## Exercise goal
Find the line containing "theory Defs". Retype it and every line after it through the end of the entries, exactly as written, with nothing added.

## Provided records
(* Let $S\subseteq\{1,\dots,p\}$, let $\rho_\lambda$ be $\mu$-amenable, and suppose $\mathcal L_n$ satisfies the $(\alpha,\tau)$ joint RSC condition. Let $\theta^\ast,\hat\theta\in\mathbb{R}^{p\times q}$ have all rows outside $S$ equal to zero, with $\|\theta^\ast\|_{1,2}\le R$ and $\|\hat\theta\|_{1,2}\le R$. Suppose $\hat\theta$ is a zero-subgradient point of the oracle objective, i.e. there is $\hat z\in\partial\|\hat\theta\|_{1,2}$ such that the rows indexed by $S$ of $\nabla\bar{\mathcal L}_n(\hat\theta)+\lambda\hat z$ vanish. Assume further $\|\nabla\mathcal L_n(\theta^\ast)\|_{\infty,2}\le\lambda/2$, $\lambda\le\alpha_2/(6R)$ and $n\ge\frac{16R^2\tau_2^2}{\alpha_2^2}\log p$. Then $\|\hat\theta-\theta^\ast\|_F\le1$.
   Context: Notation: for $A\in\mathbb{R}^{p\times q}$, $A_{i:}$ row $i$, $A_{:j}$ column $j$; $\|A\|_{a,b}=(\sum_i\|A_{i:}\|_b^a)^{1/a}$ ($a=\infty$: max over $i$); $\|A\|_F$ Frobenius norm; $\langle A,B\rangle=\mathrm{tr}(A^TB)$. $\mathcal L_n(\theta)=\sum_{j=1}^q[\frac12\theta_{:j}^T\hat\Gamma^{(j)}\theta_{:j}-(\hat\gamma^{(j)})^T\theta_{:j}]$ for given symmetric PSD $\hat\Gamma^{(j)}$ and vectors $\hat\gamma^{(j)}$. Joint RSC: $\langle\nabla\mathcal L_n(\theta+\Delta)-\nabla\mathcal L_n(\theta),\Delta\rangle\ge\alpha_1\|\Delta\|_F^2-\tau_1\frac{\log p}{n}\|\Delta\|_{1,2}^2$ if $\|\Delta\|_F\le1$, and $\ge\alpha_2\|\Delta\|_F-\tau_2\sqrt{\frac{\log p}{n}}\|\Delta\|_{1,2}$ if $\|\Delta\|_F\ge1$. $\mu$-amenable: $\rho_\lambda$ symmetric with $\rho_\lambda(0)=0$, nondecreasing on $\mathbb{R}^+$, $\rho_\lambda(t)/t$ nonincreasing on $\mathbb{R}^+$, differentiable for $t\ne0$, $\rho_\lambda(t)+\frac\mu2t^2$ convex, $\lim_{t\to0^+}\rho'_\lambda(t)=\lambda$. $q_\lambda(t)=\lambda|t|-\rho_\lambda(t)$, $\bar{\mathcal L}_n(\theta)=\mathcal L_n(\theta)-\sum_iq_\lambda(\|\theta_{i:}\|_2)$. Subdifferential: $z\in\partial\|\theta\|_{1,2}$ iff $z_{i:}=\theta_{i:}/\|\theta_{i:}\|_2$ when $\theta_{i:}\ne0$ and $\|z_{i:}\|_2\le1$ when $\theta_{i:}=0$. *)

theory Defs
  imports "HOL-Analysis.Analysis"
begin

## Written answer
theory Defs
  imports "HOL-Analysis.Analysis"
begin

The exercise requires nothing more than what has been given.